▽
lemma ratfun_x1_common_denominator:
  assumes "finite B" "\<And>i. i \<in> B \<Longrightarrow> s i \<in> ratfun_x1"
  obtains d e where "d \<noteq> 0" "\<And>i. i \<in> B \<Longrightarrow> s i * of_x1poly d = of_x1poly (e i)"
proof -
  have "\<exists>d e. d \<noteq> 0 \<and> (\<forall>i\<in>B. s i * of_x1poly d = of_x1poly (e i))"
    using assms
  proof (induct B rule: finite_induct)
    case empty
    show ?case
      by (intro exI[of _ 1]) simp
  next
    case (insert x F)
    then obtain d e where de: "d \<noteq> 0" "\<forall>i\<in>F. s i * of_x1poly d = of_x1poly (e i)"
      by auto
    obtain a b where ab: "b \<noteq> 0" "s x = of_x1poly a / of_x1poly b"
      using insert(4) by (meson insertI1 ratfun_x1_cases)
    define e' where "e' i = (if i = x then a * d else e i * b)" for i
    have "\<forall>i\<in>insert x F. s i * of_x1poly (d * b) = of_x1poly (e' i)"
    proof
      fix i assume "i \<in> insert x F"
      then show "s i * of_x1poly (d * b) = of_x1poly (e' i)"
        using de ab by (cases "i = x") (auto simp: e'_def mult.assoc[symmetric])
    qed
    moreover have "d * b \<noteq> 0"
      using de ab by simp
    ultimately show ?case
      by (intro exI[of _ "d * b"] exI[of _ e']) simp
  qed
  then show ?thesis
    using that by metis
qed

lemma x2_powers_independent:
  assumes "finite B" "\<And>i. i \<in> B \<Longrightarrow> s i \<in> ratfun_x1" "(\<Sum>i\<in>B. s i * X2 ^ i) = 0"
    and "j \<in> B"
  shows "s j = 0"
proof -
  obtain d e where de: "d \<noteq> 0" "\<And>i. i \<in> B \<Longrightarrow> s i * of_x1poly d = of_x1poly (e i)"
    using ratfun_x1_common_denominator assms(1,2) by blast
  have monom: "of_x1poly c * X2 ^ i = to_fract (monom c i)" for c i
  proof -
    have "monom c i = [:c:] * [:0, 1:] ^ i"
      by (simp add: monom_altdef)
    then show ?thesis
      by (metis X2_eq of_x1poly_def to_fract_mult to_fract_power)
  qed
  have "to_fract (\<Sum>i\<in>B. monom (e i) i) = (\<Sum>i\<in>B. of_x1poly (e i) * X2 ^ i)"
    by (simp only: to_fract_sum monom)
  also have "\<dots> = (\<Sum>i\<in>B. s i * X2 ^ i) * of_x1poly d"
    unfolding sum_distrib_right by (rule sum.cong) (simp_all add: ac_simps flip: de(2))
  finally have "(\<Sum>i\<in>B. monom (e i) i) = 0"
    using assms(3) by (simp only: mult_zero_left to_fract_eq_0_iff)
  then have "coeff (\<Sum>i\<in>B. monom (e i) i) j = 0"
    by simp
  then have "e j = 0"
    using assms(1,4) by (simp add: coeff_sum)
  then show ?thesis
    using de assms(4) by (metis mult_eq_0_iff of_x1poly_eq_0_iff)
qed

lemma power_int_shift:
  fixes x :: "'a::division_ring"
  assumes "x \<noteq> 0" "a \<le> n"
  shows "x powi n = x powi a * x ^ nat (n - a)"
  using assms by (simp flip: power_int_of_nat power_int_add)

lemma x2_powi_independent:
  assumes "finite A" "\<And>n. n \<in> A \<Longrightarrow> r n \<in> ratfun_x1" "(\<Sum>n\<in>A. r n * X2 powi n) = 0"
    and "m \<in> A"
  shows "r m = 0"
proof -
  define b where "b = Min A"
  have b_le: "b \<le> n" if "n \<in> A" for n
    using assms(1) that by (simp add: b_def)
  define h where "h n = nat (n - b)" for n
  have inj: "inj_on h A"
  proof (rule inj_onI)
    fix x y assume "x \<in> A" "y \<in> A" "h x = h y"
    then show "x = y"
      using b_le[of x] b_le[of y] by (simp add: h_def)
  qed
  have r_h: "r n = r (int (h n) + b)" if "n \<in> A" for n
    using b_le[OF that] by (simp add: h_def)
  have "X2 powi n = X2 powi b * X2 ^ h n" if "n \<in> A" for n
    unfolding h_def by (rule power_int_shift[OF X2_nonzero b_le[OF that]])
  then have "(\<Sum>n\<in>A. r n * X2 powi n) = X2 powi b * (\<Sum>n\<in>A. r (int (h n) + b) * X2 ^ h n)"
    unfolding sum_distrib_left by (intro sum.cong) (simp_all add: r_h)
  also have "(\<Sum>n\<in>A. r (int (h n) + b) * X2 ^ h n) = (\<Sum>i\<in>h ` A. r (int i + b) * X2 ^ i)"
    by (simp add: sum.reindex[OF inj])
  finally have "(\<Sum>n\<in>A. r n * X2 powi n) = X2 powi b * (\<Sum>i\<in>h ` A. r (int i + b) * X2 ^ i)" .
  then have zero: "(\<Sum>i\<in>h ` A. r (int i + b) * X2 ^ i) = 0"
    using assms(3) by simp
  have mem: "r (int i + b) \<in> ratfun_x1" if "i \<in> h ` A" for i
    using that assms(2) r_h by auto
  have "r (int (h m) + b) = 0"
    using x2_powers_independent[OF finite_imageI[OF assms(1)] mem zero] assms(4) by simp
  then show ?thesis
    using r_h assms(4) by simp
qed

lemma eval_x2_scaled_nonzero:
  assumes "w \<in> ratfun_x1" "w \<noteq> 0" "p \<noteq> 0"
  shows "eval_x2 (X2 * w) p \<noteq> 0"
proof
  assume "eval_x2 (X2 * w) p = 0"
  then have "(\<Sum>i\<le>degree p. (of_x1poly (coeff p i) * w ^ i) * X2 ^ i) = 0"
    by (simp add: eval_x2_conv_sum power_mult_distrib ac_simps)
  then have "of_x1poly (coeff p (degree p)) * w ^ degree p = 0"
    by (rule x2_powers_independent[of "{..degree p}", rotated 2]) (simp_all add: assms(1))
  then show False
    using assms by simp
qed

section \<open>Rescaling x2\<close>

definition scale_x2 :: "KL \<Rightarrow> KL \<Rightarrow> KL" where
  "scale_x2 w = subst X1 (X2 * w)"

lemma scale_x2_Fract:
  assumes "w \<in> ratfun_x1" "w \<noteq> 0" "q \<noteq> 0"
  shows "scale_x2 w (Fract p q) = eval_x2 (X2 * w) p / eval_x2 (X2 * w) q"
proof -
  \<comment> \<open>subst evaluates an arbitrary representative; the denominators do not vanish, so the
    quotient does not depend on the choice.\<close>
  define pq where "pq = (SOME (p', q'). q' \<noteq> 0 \<and> Fract p q = Fract p' q')"
  have "snd pq \<noteq> 0 \<and> Fract p q = Fract (fst pq) (snd pq)"
    unfolding pq_def by (rule someI2[of _ "(p, q)"]) (use assms in auto)
  then have pq: "snd pq \<noteq> 0" "p * snd pq = fst pq * q"
    using assms(3) by (auto simp: eq_fract)
  have "scale_x2 w (Fract p q) = eval_x2 (X2 * w) (fst pq) / eval_x2 (X2 * w) (snd pq)"
    unfolding scale_x2_def subst_def pq_def[symmetric] by (simp add: polyeval_X1 split: prod.splits)
  also have "\<dots> = eval_x2 (X2 * w) p / eval_x2 (X2 * w) q"
  proof -
    have "eval_x2 (X2 * w) q \<noteq> 0" "eval_x2 (X2 * w) (snd pq) \<noteq> 0"
      using eval_x2_scaled_nonzero assms pq(1) by auto
    moreover have "eval_x2 (X2 * w) p * eval_x2 (X2 * w) (snd pq) = eval_x2 (X2 * w) (fst pq) * eval_x2 (X2 * w) q"
      using pq(2) by (metis eval_x2_mult)
    ultimately show ?thesis
      by (simp add: frac_eq_eq)
  qed
  finally show ?thesis .
qed

context
  fixes w :: KL
  assumes w: "w \<in> ratfun_x1" "w \<noteq> 0"
begin

lemma scale_x2_to_fract: "scale_x2 w (to_fract p) = eval_x2 (X2 * w) p"
  using scale_x2_Fract[OF w, of 1 p] by (simp add: to_fract_def)

lemma scale_x2_0 [simp]: "scale_x2 w 0 = 0"
  using scale_x2_to_fract[of 0] by simp

lemma scale_x2_1 [simp]: "scale_x2 w 1 = 1"
  using scale_x2_to_fract[of 1] by simp

lemma scale_x2_add [simp]: "scale_x2 w (x + y) = scale_x2 w x + scale_x2 w y"
proof (cases x; cases y)
  fix p q p' q'
  assume "x = Fract p q" "q \<noteq> 0" "y = Fract p' q'" "q' \<noteq> 0"
  then show ?thesis
    using eval_x2_scaled_nonzero[OF w] by (simp add: scale_x2_Fract[OF w] add_frac_eq)
qed

lemma scale_x2_mult [simp]: "scale_x2 w (x * y) = scale_x2 w x * scale_x2 w y"
proof (cases x; cases y)
  fix p q p' q'
  assume "x = Fract p q" "q \<noteq> 0" "y = Fract p' q'" "q' \<noteq> 0"
  then show ?thesis
    by (simp add: scale_x2_Fract[OF w])
qed

lemma scale_x2_inverse [simp]: "scale_x2 w (inverse x) = inverse (scale_x2 w x)"
proof (cases x)
  fix p q
  assume "x = Fract p q" "q \<noteq> 0"
  then show ?thesis
    by (cases "p = 0") (simp_all add: scale_x2_Fract[OF w] fract_collapse)
qed

lemma scale_x2_divide [simp]: "scale_x2 w (x / y) = scale_x2 w x / scale_x2 w y"
  by (simp add: divide_inverse)

lemma scale_x2_power [simp]: "scale_x2 w (x ^ n) = scale_x2 w x ^ n"
  by (induct n) simp_all

lemma scale_x2_power_int [simp]: "scale_x2 w (x powi n) = scale_x2 w x powi n"
  by (simp add: power_int_def)

lemma scale_x2_sum: "scale_x2 w (sum f A) = (\<Sum>a\<in>A. scale_x2 w (f a))"
  by (induct A rule: infinite_finite_induct) simp_all

lemma scale_x2_of_x1poly [simp]: "scale_x2 w (of_x1poly a) = of_x1poly a"
  using scale_x2_to_fract[of "[:a:]"] by (simp add: of_x1poly_def)

lemma scale_x2_ratfun_x1 [simp]: "x \<in> ratfun_x1 \<Longrightarrow> scale_x2 w x = x"
  by (elim ratfun_x1_cases) simp

lemma scale_x2_X2 [simp]: "scale_x2 w X2 = X2 * w"
  by (simp add: X2_eq scale_x2_to_fract eval_x2_def map_poly_pCons)

lemma scale_x2_eval_x2:
  assumes "v \<in> ratfun_x1"
  shows "scale_x2 w (eval_x2 (X2 * v) p) = eval_x2 (X2 * (w * v)) p"
proof -
  have "scale_x2 w (eval_x2 (X2 * v) p) = poly (map_poly (scale_x2 w) (map_poly of_x1poly p)) (scale_x2 w (X2 * v))"
    unfolding eval_x2_def by (rule poly_map_poly_hom) simp_all
  also have "map_poly (scale_x2 w) (map_poly of_x1poly p) = map_poly of_x1poly p"
    by (simp add: map_poly_map_poly o_def)
  finally show ?thesis
    using assms by (simp add: eval_x2_def ac_simps)
qed

end

lemma scale_x2_scale_x2:
  assumes "u \<in> ratfun_x1" "u \<noteq> 0" "v \<in> ratfun_x1" "v \<noteq> 0"
  shows "scale_x2 u (scale_x2 v x) = scale_x2 (u * v) x"
proof (cases x)
  fix p q
  assume "x = Fract p q" "q \<noteq> 0"
  then show ?thesis
    using assms by (simp add: scale_x2_Fract scale_x2_eval_x2)
qed

lemma scale_x2_scale_x2_eq:
  assumes "u \<in> ratfun_x1" "u \<noteq> 0" "v \<in> ratfun_x1" "v \<noteq> 0" "u * v = w"
  shows "scale_x2 u (scale_x2 v x) = scale_x2 w x"
  using scale_x2_scale_x2[OF assms(1-4)] assms(5) by simp

lemma scale_x2_one [simp]: "scale_x2 1 x = x"
proof (cases x)
  fix p q
  assume "x = Fract p q" "q \<noteq> 0"
  then show ?thesis
    by (simp add: Fract_conv_to_fract scale_x2_to_fract eval_x2_X2)
qed

lemma funpow_scale_x2:
  assumes "w \<in> ratfun_x1" "w \<noteq> 0"
  shows "scale_x2 w ^^ n = scale_x2 (w ^ n)"
  by (induct n) (auto simp: assms scale_x2_scale_x2 fun_eq_iff)

section \<open>Laurent polynomials\<close>

locale semiring_closed =
  fixes S :: "'a::comm_semiring_1 set"
  assumes zero_mem [simp]: "0 \<in> S" and one_mem [simp]: "1 \<in> S"
    and add_mem [simp]: "x \<in> S \<Longrightarrow> y \<in> S \<Longrightarrow> x + y \<in> S"
    and mult_mem [simp]: "x \<in> S \<Longrightarrow> y \<in> S \<Longrightarrow> x * y \<in> S"
begin

lemma sum_mem: "(\<And>i. i \<in> A \<Longrightarrow> f i \<in> S) \<Longrightarrow> sum f A \<in> S"
  by (induct A rule: infinite_finite_induct) simp_all

lemma power_mem [simp]: "x \<in> S \<Longrightarrow> x ^ n \<in> S"
  by (induct n) simp_all

end

definition poly_over :: "'a::zero set \<Rightarrow> 'a poly set" where
  "poly_over S = {p. \<forall>i. coeff p i \<in> S}"

lemma pCons_in_poly_over [simp]: "a \<in> S \<Longrightarrow> p \<in> poly_over S \<Longrightarrow> pCons a p \<in> poly_over S"
  by (simp add: poly_over_def coeff_pCons split: nat.split)

lemma (in semiring_closed) semiring_closed_poly_over: "semiring_closed (poly_over S)"
  by unfold_locales (auto simp: poly_over_def coeff_1 coeff_mult intro: sum_mem)

lemma semiring_closed_Qcyc: "semiring_closed Qcyc"
  by unfold_locales (auto simp: Qcyc_def)

interpretation Qcyc: semiring_closed Qcyc
  by (rule semiring_closed_Qcyc)

interpretation Qcyc_poly: semiring_closed "poly_over Qcyc"
  by (rule Qcyc.semiring_closed_poly_over)

interpretation Qcyc_poly_poly: semiring_closed "poly_over (poly_over Qcyc)"
  by (rule Qcyc_poly.semiring_closed_poly_over)

definition Laurent_x1 :: "KL set" where
  "Laurent_x1 = {of_x1poly q * X1 powi a | q a. q \<in> poly_over Qcyc}"

lemma Laurent_x1I: "q \<in> poly_over Qcyc \<Longrightarrow> of_x1poly q * X1 powi a \<in> Laurent_x1"
  unfolding Laurent_x1_def by blast

lemma Laurent_x1E:
  assumes "x \<in> Laurent_x1"
  obtains q a where "q \<in> poly_over Qcyc" "x = of_x1poly q * X1 powi a"
  using assms unfolding Laurent_x1_def by blast

lemma Laurent_x1_imp_ratfun_x1: "x \<in> Laurent_x1 \<Longrightarrow> x \<in> ratfun_x1"
  by (auto elim!: Laurent_x1E)

lemma Laurent_x1_0 [simp]: "0 \<in> Laurent_x1"
  using Laurent_x1I[of 0 0] by simp

lemma X1_power_int_in_Laurent_x1 [simp]: "X1 powi a \<in> Laurent_x1"
  using Laurent_x1I[of 1 a] by simp
(* The dual norm of the dual space $\mathcal R^*$ of Read's space $\mathcal R=(c_0,|||\cdot|||)$ is $2/3$-rough, i.e. for every $x^*\in\mathcal R^*$, $$\limsup_{|||h|||\to 0}\frac{|||x^*+h|||+|||x^*-h|||-2|||x^*|||}{|||h|||}\ge \frac23,$$ where $|||\cdot|||$ on $\mathcal R^*$ denotes the dual norm. In particular, the norm of $\mathcal R^*$ is not Fréchet differentiable at any point.
   Context: Let $c_{00}(\mathbb Q)$ be the set of finitely supported sequences with rational coefficients, and let $(u_n)_{n\in\mathbb N}$ be a sequence in $c_{00}(\mathbb Q)$ which lists every element of $c_{00}(\mathbb Q)$ infinitely many times. Let $(a_n)_{n\in\mathbb N}$ be a strictly increasing sequence of positive integers with $a_n>\max\operatorname{supp} u_n$ and $a_n>\|u_n\|_1$ for every $n$. $(e_n)$ denotes the canonical unit vectors and $\langle x,y\rangle=\sum_n x_ny_n$. Read's norm on $c_0$ is $|||x||| = \|x\|_\infty + \sum_{n} 2^{-a_n^2}|\langle x, u_n - e_{a_n}\rangle|$, and Read's space is $\mathcal R=(c_0,|||\cdot|||)$ (real scalars). A norm on a Banach space $Z$ is $\varepsilon$-rough ($\varepsilon>0$) if $\limsup_{\|h\|\to0}\frac{\|z+h\|+\|z-h\|-2\|z\|}{\|h\|}\ge\varepsilon$ for every $z\in Z$. *)

theory Defs
  imports "HOL-Analysis.Analysis"
begin

definition c0 :: "(nat \<Rightarrow> real) set" where
  "c0 = {x. x \<longlonglongrightarrow> 0}"

definition c00Q :: "(nat \<Rightarrow> rat) set" where
  "c00Q = {v. finite {k. v k \<noteq> 0}}"

definition supp :: "(nat \<Rightarrow> rat) \<Rightarrow> nat set" where
  "supp v = {k. v k \<noteq> 0}"

definition l1norm :: "(nat \<Rightarrow> rat) \<Rightarrow> real" where
  "l1norm v = (\<Sum>k\<in>supp v. \<bar>real_of_rat (v k)\<bar>)"

definition pair :: "(nat \<Rightarrow> real) \<Rightarrow> (nat \<Rightarrow> rat) \<Rightarrow> real" where
  "pair x v = (\<Sum>k\<in>supp v. x k * real_of_rat (v k))"

definition sup_norm :: "(nat \<Rightarrow> real) \<Rightarrow> real" where
  "sup_norm x = (SUP k. \<bar>x k\<bar>)"

definition read_params :: "(nat \<Rightarrow> nat \<Rightarrow> rat) \<Rightarrow> (nat \<Rightarrow> nat) \<Rightarrow> bool" where
  "read_params u a \<longleftrightarrow>
     (\<forall>n. u n \<in> c00Q) \<and>
     (\<forall>v\<in>c00Q. infinite {n. u n = v}) \<and>
     strict_mono a \<and> (\<forall>n. 0 < a n) \<and>
     (\<forall>n. \<forall>k\<in>supp (u n). k < a n) \<and>
     (\<forall>n. l1norm (u n) < real (a n))"
(* Let $X$ be a Banach space of analytic functions on $\mathbb{U}$ such that $X\hookrightarrow H_1$, and let $E$ be an order-continuous Banach sequence lattice. If $\lambda\in E$, then the multiplier operator $M_\lambda\colon X\to E$, $M_\lambda f=\{\lambda_n\hat f(n)\}$, is (well defined, bounded and) compact.
   Context: $\mathbb{U}$ is the open unit disk, $H_1$ the Hardy space on $\mathbb{U}$, $f=\sum_{n\ge0}\hat f(n)z^n$ the Taylor expansion; "$\hookrightarrow$" denotes continuous inclusion. A Banach sequence lattice on $\mathbb{Z}_+$ is a Banach space $E$ of sequences with $|y_n|\le|x_n|$ for all $n$, $x\in E$ implying $y\in E$ and $\|y\|_E\le\|x\|_E$. It is order-continuous if every nonnegative nonincreasing sequence in $E$ converging to $0$ pointwise converges to $0$ in norm. $\{e_n\}$ denotes the standard unit vectors. *)

theory Defs
  imports "HOL-Complex_Analysis.Complex_Analysis"
begin

text \<open>A complex Banach space whose elements are complex-valued functions on a type 'a;
  two elements are identified when they agree on the set D (the domain of the functions).\<close>
definition banach_fun_space ::
  "'a set \<Rightarrow> ('a \<Rightarrow> complex) set \<Rightarrow> (('a \<Rightarrow> complex) \<Rightarrow> real) \<Rightarrow> bool" where
  "banach_fun_space D V N \<longleftrightarrow>
     (\<lambda>_. 0) \<in> V \<and>
     (\<forall>f\<in>V. \<forall>g\<in>V. (\<lambda>z. f z + g z) \<in> V) \<and>
     (\<forall>c. \<forall>f\<in>V. (\<lambda>z. c * f z) \<in> V) \<and>
     (\<forall>f\<in>V. 0 \<le> N f \<and> (N f = 0 \<longleftrightarrow> (\<forall>z\<in>D. f z = 0))) \<and>
     (\<forall>f\<in>V. \<forall>g\<in>V. N (\<lambda>z. f z + g z) \<le> N f + N g) \<and>
     (\<forall>c. \<forall>f\<in>V. N (\<lambda>z. c * f z) = norm c * N f) \<and>
     (\<forall>s. (\<forall>k. s k \<in> V) \<and>
          (\<forall>e>0. \<exists>K. \<forall>m\<ge>K. \<forall>n\<ge>K. N (\<lambda>z. s m z - s n z) < e)
          \<longrightarrow> (\<exists>g\<in>V. (\<lambda>k. N (\<lambda>z. s k z - g z)) \<longlonglongrightarrow> 0))"

definition banach_analytic_space :: "(complex \<Rightarrow> complex) set \<Rightarrow> ((complex \<Rightarrow> complex) \<Rightarrow> real) \<Rightarrow> bool" where
  "banach_analytic_space X N \<longleftrightarrow>
     banach_fun_space (ball 0 1) X N \<and> (\<forall>f\<in>X. f holomorphic_on ball 0 1)"

definition hardy_mean1 :: "(complex \<Rightarrow> complex) \<Rightarrow> real \<Rightarrow> real" where
  "hardy_mean1 f r = (1 / (2 * pi)) * integral {0..2*pi} (\<lambda>t. norm (f (of_real r * cis t)))"

definition hardy_norm1 :: "(complex \<Rightarrow> complex) \<Rightarrow> real" where
  "hardy_norm1 f = (SUP r\<in>{0..<1}. hardy_mean1 f r)"

definition H1 :: "(complex \<Rightarrow> complex) set" where
  "H1 = {f. f holomorphic_on ball 0 1 \<and> bdd_above (hardy_mean1 f ` {0..<1})}"

definition cont_incl_H1 :: "(complex \<Rightarrow> complex) set \<Rightarrow> ((complex \<Rightarrow> complex) \<Rightarrow> real) \<Rightarrow> bool" where
  "cont_incl_H1 X N \<longleftrightarrow> X \<subseteq> H1 \<and> (\<exists>C. \<forall>f\<in>X. hardy_norm1 f \<le> C * N f)"

definition taylor_coeff :: "(complex \<Rightarrow> complex) \<Rightarrow> nat \<Rightarrow> complex" where
  "taylor_coeff f n = (deriv ^^ n) f 0 / of_nat (fact n)"

definition banach_seq_lattice :: "(nat \<Rightarrow> complex) set \<Rightarrow> ((nat \<Rightarrow> complex) \<Rightarrow> real) \<Rightarrow> bool" where
  "banach_seq_lattice E N \<longleftrightarrow>
     banach_fun_space UNIV E N \<and>
     (\<forall>x\<in>E. \<forall>y. (\<forall>n. norm (y n) \<le> norm (x n)) \<longrightarrow> y \<in> E \<and> N y \<le> N x)"

definition order_continuous :: "(nat \<Rightarrow> complex) set \<Rightarrow> ((nat \<Rightarrow> complex) \<Rightarrow> real) \<Rightarrow> bool" where
  "order_continuous E N \<longleftrightarrow>
     (\<forall>x :: nat \<Rightarrow> nat \<Rightarrow> complex.
        (\<forall>k. x k \<in> E) \<and>
        (\<forall>k n. Im (x k n) = 0 \<and> 0 \<le> Re (x k n)) \<and>
        (\<forall>k n. Re (x (Suc k) n) \<le> Re (x k n)) \<and>
        (\<forall>n. (\<lambda>k. x k n) \<longlonglongrightarrow> 0)
        \<longrightarrow> (\<lambda>k. N (x k)) \<longlonglongrightarrow> 0)"

end

theory Submission
  imports Defs
begin

text \<open>
  Cauchy's formula on the circle of radius \<open>r\<close> bounds the \<open>n\<close>-th Taylor coefficient by
  \<open>r\<^sup>-\<^sup>n\<close> times the integral mean of \<open>|f|\<close>, so on the unit ball of \<open>X\<close> all coefficients
  are bounded by one constant \<open>C\<close>; domination by \<open>C |\<lambda>|\<close> makes \<open>M\<^sub>\<lambda>\<close> bounded. For
  compactness, a subsequence has coefficientwise limits \<open>l\<close> (Tychonoff). The differences
  \<open>\<lambda>\<^sub>n (f\<^sub>k(n) - l\<^sub>n)\<close> tend to zero on the finitely many indices \<open>n < m\<close>, while on
  \<open>n \<ge> m\<close> they are dominated by \<open>2C |\<lambda>\<^sub>n|\<close>, whose norm tends to \<open>0\<close> with \<open>m\<close> by
  order continuity.
\<close>

lemma has_integral_rescale_to_unit_interval:
  fixes h :: "real \<Rightarrow> real"
  assumes "continuous_on {0..2*pi} h"
  shows "((\<lambda>x. h (2*pi*x)) has_integral integral {0..2*pi} h / (2*pi)) {0..1}"
proof -
  have "(h has_integral integral {0..2*pi} h) {0..2*pi}"
    using assms by (intro integrable_integral integrable_continuous_real)
  moreover have "(\<lambda>x. x / (2*pi)) ` {0..2*pi} = {0..1}"
  proof
    show "{0..1} \<subseteq> (\<lambda>x. x / (2*pi)) ` {0..2*pi}"
      by (auto intro!: image_eqI[of _ _ "2*pi*x" for x])
  qed auto
  ultimately show ?thesis
    using has_integral_stretch_real_iff[of "2*pi" h "integral {0..2*pi} h / (2*pi)" 0 "2*pi"]
    by simp
qed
△
When the line with "define b where" is reached in the data above, start copying there, and copy each line exactly until the line with "(int i + b) \<in>" has been copied; copy nothing else.

  define b where "b = Min A"
  have b_le: "b \<le> n" if "n \<in> A" for n
    using assms(1) that by (simp add: b_def)
  define h where "h n = nat (n - b)" for n
  have inj: "inj_on h A"
  proof (rule inj_onI)
    fix x y assume "x \<in> A" "y \<in> A" "h x = h y"
    then show "x = y"
      using b_le[of x] b_le[of y] by (simp add: h_def)
  qed
  have r_h: "r n = r (int (h n) + b)" if "n \<in> A" for n
    using b_le[OF that] by (simp add: h_def)
  have "X2 powi n = X2 powi b * X2 ^ h n" if "n \<in> A" for n
    unfolding h_def by (rule power_int_shift[OF X2_nonzero b_le[OF that]])
  then have "(\<Sum>n\<in>A. r n * X2 powi n) = X2 powi b * (\<Sum>n\<in>A. r (int (h n) + b) * X2 ^ h n)"
    unfolding sum_distrib_left by (intro sum.cong) (simp_all add: r_h)
  also have "(\<Sum>n\<in>A. r (int (h n) + b) * X2 ^ h n) = (\<Sum>i\<in>h ` A. r (int i + b) * X2 ^ i)"
    by (simp add: sum.reindex[OF inj])
  finally have "(\<Sum>n\<in>A. r n * X2 powi n) = X2 powi b * (\<Sum>i\<in>h ` A. r (int i + b) * X2 ^ i)" .
  then have zero: "(\<Sum>i\<in>h ` A. r (int i + b) * X2 ^ i) = 0"
    using assms(3) by simp
  have mem: "r (int i + b) \<in> ratfun_x1" if "i \<in> h ` A" for i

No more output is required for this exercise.